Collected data
-----

definition lambda_max :: "(('n::finite \<Rightarrow> int) \<Rightarrow> 'a::comm_ring_1 \<Rightarrow> 'a) \<Rightarrow> ('n \<Rightarrow> real) \<Rightarrow> (real \<Rightarrow> 'a set) \<Rightarrow> ereal" where
  "lambda_max pr \<xi>0 F =
     (SUP t\<in>{t::real. t > 0 \<and> (\<exists>m::nat. \<not> F (t * real m) \<subseteq> Fwt pr \<xi>0 (real m))}. ereal t)"

end

theory Submission
  imports Defs
begin

(* Twisting by a xi0 raises the filtration level of a homogeneous element of xi0-weight w
   by a w.  So a homogeneous witness g in F^(t m) of weight w < m yields a witness for the
   twist at slope (t m + a w) / m'; passing to a high power g^k (weight k w, level k t m)
   and taking for m' the least integer above k w drives this slope up to t + a, because
   w > 0 on the maximal ideal.  Conversely a homogeneous witness for the twist at slope t'
   lies in F^(t' m - a w), which is contained in F^((t' - a) m), so t' - a is a slope for F. *)

lemma grading_proj_idem:
  assumes "is_grading pr"
  shows "pr \<alpha> (pr \<alpha> f) = pr \<alpha> f"
  using assms unfolding is_grading_def by simp

lemma grading_proj_homogeneous_other:
  assumes "is_grading pr" "pr \<beta> h = h" "\<delta> \<noteq> \<beta>"
  shows "pr \<delta> h = 0"
  using assms unfolding is_grading_def by metis

lemma grading_homogeneous_power:
  assumes "is_grading pr" "pr \<alpha> g = g"
  shows "pr (\<lambda>i. int k * \<alpha> i) (g ^ k) = g ^ k"
proof (induction k)
  case 0
  have "(\<lambda>i. int 0 * \<alpha> i) = 0" by auto
  then show ?case using assms(1) unfolding is_grading_def by simp
next
  case (Suc k)
  have "(\<lambda>i. int (Suc k) * \<alpha> i) = \<alpha> + (\<lambda>i. int k * \<alpha> i)"
    by (auto simp: algebra_simps)
  moreover have "pr (\<alpha> + (\<lambda>i. int k * \<alpha> i)) (g * g ^ k) = g * g ^ k"
    using assms Suc unfolding is_grading_def by blast
  ultimately show ?case by simp
qed

lemma pair_zero_left [simp]: "pair 0 \<xi> = 0"
  unfolding pair_def by simp

lemma pair_nat_mult_left: "pair (\<lambda>i. int k * \<alpha> i) \<xi> = real k * pair \<alpha> \<xi>"
  unfolding pair_def by (simp add: sum_distrib_left algebra_simps)

lemma pair_scale_right: "pair \<alpha> (\<lambda>i. a * \<xi> i) = a * pair \<alpha> \<xi>"
  unfolding pair_def by (simp add: sum_distrib_left algebra_simps)

lemma wt_homogeneous:
  assumes "is_grading pr" "pr \<beta> h = h" "h \<noteq> 0"
  shows "wt pr \<xi> h = ereal (pair \<beta> \<xi>)"
proof -
  have "{\<delta>. pr \<delta> h \<noteq> 0} = {\<beta>}"
    using grading_proj_homogeneous_other[OF assms(1,2)] assms(2,3) by auto
  then show ?thesis unfolding wt_def by simp
qed
lemma AM'_minus_GM'_less:
  fixes x :: "nat \<Rightarrow> real"
  assumes x: "\<forall>k<n. x k \<in> {0<..1/2}" and ne: "\<exists>i<n. \<exists>j<n. x i \<noteq> x j"
  shows "AM' n x - GM' n x < AM n x - GM n x"
proof -
  have n: "0 < n" using ne by auto
  have pos: "\<forall>k<n. 0 < x k" using x by auto
  define c where "c = GM n x"
  have c: "0 < c" using GM_pos[OF pos] by (simp add: c_def)
  have "\<exists>y. (\<forall>k<n. y k = c) \<and> - (GM' n x + 2 * AM n x) < - (GM' n y + 2 * AM n y)"
  proof (rule geometric_smoothing_strict[of "{0<..1/2}"])
    fix z i j assume "\<forall>k<n. z k \<in> {0<..1/2}" "i < n" "j < n" "z i < c" "c < z j" "\<forall>k<n. z i \<le> z k"
    from GM'_plus_twice_AM_smoothing_less[OF this(1) c this(2-)] show "- (GM' n z + 2 * AM n z)
        < - (GM' n (z(i := c, j := z i * z j / c)) + 2 * AM n (z(i := c, j := z i * z j / c)))"
      by simp
  next
    show "(\<Prod>k<n. x k) = c ^ n" using GM_power[OF n pos] by (simp add: c_def)
  qed (use x c ne in auto)
  then obtain y where y: "\<forall>k<n. y k = c" and less: "GM' n y + 2 * AM n y < GM' n x + 2 * AM n x"
    by auto
  have "c < 1" using GM_less_AM[OF pos ne] AM_le_half[OF n] x by (force simp: c_def)
  then have "GM' n y = 1 - c" "AM n y = c"
    using y n c by (simp_all add: GM'_def AM_def powr_power)
  then show ?thesis using less by (simp add: AM'_eq_one_minus_AM[OF n] c_def)
qed

section \<open>Hyperbolic estimates\<close>

lemma sinh_gt_self:
  fixes s :: real
  assumes "0 < s"
  shows "s < sinh s"
proof -
  have "(\<lambda>t. sinh t - t) 0 < (\<lambda>t. sinh t - t) s"
  proof (rule DERIV_pos_imp_increasing_open[OF assms])
    fix x :: real assume "0 < x" "x < s"
    then have "0 < cosh x - 1" using cosh_real_strict_mono[of 0 x] by simp
    moreover have "((\<lambda>t. sinh t - t) has_real_derivative (cosh x - 1)) (at x)"
      by (auto intro!: derivative_eq_intros)
    ultimately show "\<exists>y. ((\<lambda>t. sinh t - t) has_real_derivative y) (at x) \<and> 0 < y" by blast
  qed (intro continuous_intros)
  then show ?thesis by simp
qed

lemma sinh_less_mult_cosh:
  fixes s :: real
  assumes "0 < s"
  shows "sinh s < s * cosh s"
proof -
  have "(\<lambda>t. t * cosh t - sinh t) 0 < (\<lambda>t. t * cosh t - sinh t) s"
  proof (rule DERIV_pos_imp_increasing_open[OF assms])
    fix x :: real assume "0 < x" "x < s"
    then have "0 < x * sinh x" by simp
    moreover have "((\<lambda>t. t * cosh t - sinh t) has_real_derivative (x * sinh x)) (at x)"
      by (auto intro!: derivative_eq_intros)
    ultimately show "\<exists>y. ((\<lambda>t. t * cosh t - sinh t) has_real_derivative y) (at x) \<and> 0 < y" by blast
  qed (intro continuous_intros)
  then show ?thesis by simp
qed

lemma self_less_sinh_mult_cosh:
  fixes s :: real
  assumes "0 < s"
  shows "s < sinh s * cosh s"
  using sinh_gt_self[of "2 * s"] assms by (simp add: sinh_double)

lemma sinh_div_self_strict_mono:
  fixes a b :: real
  assumes "0 < b" "b < a"
  shows "sinh b / b < sinh a / a"
proof (rule DERIV_pos_imp_increasing[OF assms(2)])
  fix x :: real assume "b \<le> x" "x \<le> a"
  with assms have x: "0 < x" by simp
  have "0 < (x * cosh x - sinh x) / x\<^sup>2" using sinh_less_mult_cosh[OF x] x by simp
  moreover have "((\<lambda>t. sinh t / t) has_real_derivative ((x * cosh x - sinh x) / x\<^sup>2)) (at x)"
    using x by (auto intro!: derivative_eq_intros simp: field_simps power2_eq_square)
  ultimately show "\<exists>y. ((\<lambda>t. sinh t / t) has_real_derivative y) (at x) \<and> 0 < y" by blast
qed

lemma sinh_ratio_less_ratio:
  fixes a b :: real
  assumes "0 < b" "b < a"
  shows "sinh b / sinh a < b / a"
  using sinh_div_self_strict_mono[OF assms] assms by (simp add: field_simps)

text \<open>With \<open>u = exp (t + s)\<close> and \<open>v = exp (t - s)\<close> one has
  \<open>ln (identric u v) = t + psi s\<close>.\<close>
definition psi :: "real \<Rightarrow> real" where
  "psi s = s * cosh s / sinh s - 1"

lemma psi_nonneg: "0 < s \<Longrightarrow> 0 \<le> psi s"
  using sinh_less_mult_cosh[of s] by (simp add: psi_def field_simps)

lemma psi_less_self:
  assumes s: "0 < s"
  shows "psi s < s"
proof -
  have "s * exp (- s) < s" using s by simp
  also have "\<dots> < sinh s" using sinh_gt_self[OF s] .
  finally have "s * cosh s < (1 + s) * sinh s"
    by (simp add: algebra_simps flip: cosh_minus_sinh)
  then show ?thesis using s by (simp add: psi_def field_simps)
qed

lemma psi_strict_mono:
  fixes a b :: real
  assumes "0 < b" "b < a"
  shows "psi b < psi a"
proof -
  have "b * cosh b / sinh b < a * cosh a / sinh a"
  proof (rule DERIV_pos_imp_increasing[OF assms(2)])
    fix x :: real assume "b \<le> x" "x \<le> a"
    with assms have x: "0 < x" by simp
    then have sx: "0 < sinh x" by simp
    have "0 < (sinh x * cosh x - x) / (sinh x)\<^sup>2" using self_less_sinh_mult_cosh[OF x] sx by simp
    moreover have "((\<lambda>t. t * cosh t / sinh t) has_real_derivative
        ((sinh x * cosh x - x) / (sinh x)\<^sup>2)) (at x)"
      using sx by (auto intro!: derivative_eq_intros
          simp: field_simps power2_eq_square cosh_square_eq[unfolded power2_eq_square])
    ultimately show "\<exists>y. ((\<lambda>t. t * cosh t / sinh t) has_real_derivative y) (at x) \<and> 0 < y"
      by blast
  qed
  then show ?thesis by (simp add: psi_def)
qed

-----

## Exercise
What you should output is every line of the records above, from the first through the line containing "unfolding pair_def by simp", unchanged.

## Exercise solution
definition lambda_max :: "(('n::finite \<Rightarrow> int) \<Rightarrow> 'a::comm_ring_1 \<Rightarrow> 'a) \<Rightarrow> ('n \<Rightarrow> real) \<Rightarrow> (real \<Rightarrow> 'a set) \<Rightarrow> ereal" where
  "lambda_max pr \<xi>0 F =
     (SUP t\<in>{t::real. t > 0 \<and> (\<exists>m::nat. \<not> F (t * real m) \<subseteq> Fwt pr \<xi>0 (real m))}. ereal t)"

end

theory Submission
  imports Defs
begin

(* Twisting by a xi0 raises the filtration level of a homogeneous element of xi0-weight w
   by a w.  So a homogeneous witness g in F^(t m) of weight w < m yields a witness for the
   twist at slope (t m + a w) / m'; passing to a high power g^k (weight k w, level k t m)
   and taking for m' the least integer above k w drives this slope up to t + a, because
   w > 0 on the maximal ideal.  Conversely a homogeneous witness for the twist at slope t'
   lies in F^(t' m - a w), which is contained in F^((t' - a) m), so t' - a is a slope for F. *)

lemma grading_proj_idem:
  assumes "is_grading pr"
  shows "pr \<alpha> (pr \<alpha> f) = pr \<alpha> f"
  using assms unfolding is_grading_def by simp

lemma grading_proj_homogeneous_other:
  assumes "is_grading pr" "pr \<beta> h = h" "\<delta> \<noteq> \<beta>"
  shows "pr \<delta> h = 0"
  using assms unfolding is_grading_def by metis

lemma grading_homogeneous_power:
  assumes "is_grading pr" "pr \<alpha> g = g"
  shows "pr (\<lambda>i. int k * \<alpha> i) (g ^ k) = g ^ k"
proof (induction k)
  case 0
  have "(\<lambda>i. int 0 * \<alpha> i) = 0" by auto
  then show ?case using assms(1) unfolding is_grading_def by simp
next
  case (Suc k)
  have "(\<lambda>i. int (Suc k) * \<alpha> i) = \<alpha> + (\<lambda>i. int k * \<alpha> i)"
    by (auto simp: algebra_simps)
  moreover have "pr (\<alpha> + (\<lambda>i. int k * \<alpha> i)) (g * g ^ k) = g * g ^ k"
    using assms Suc unfolding is_grading_def by blast
  ultimately show ?case by simp
qed

lemma pair_zero_left [simp]: "pair 0 \<xi> = 0"
  unfolding pair_def by simp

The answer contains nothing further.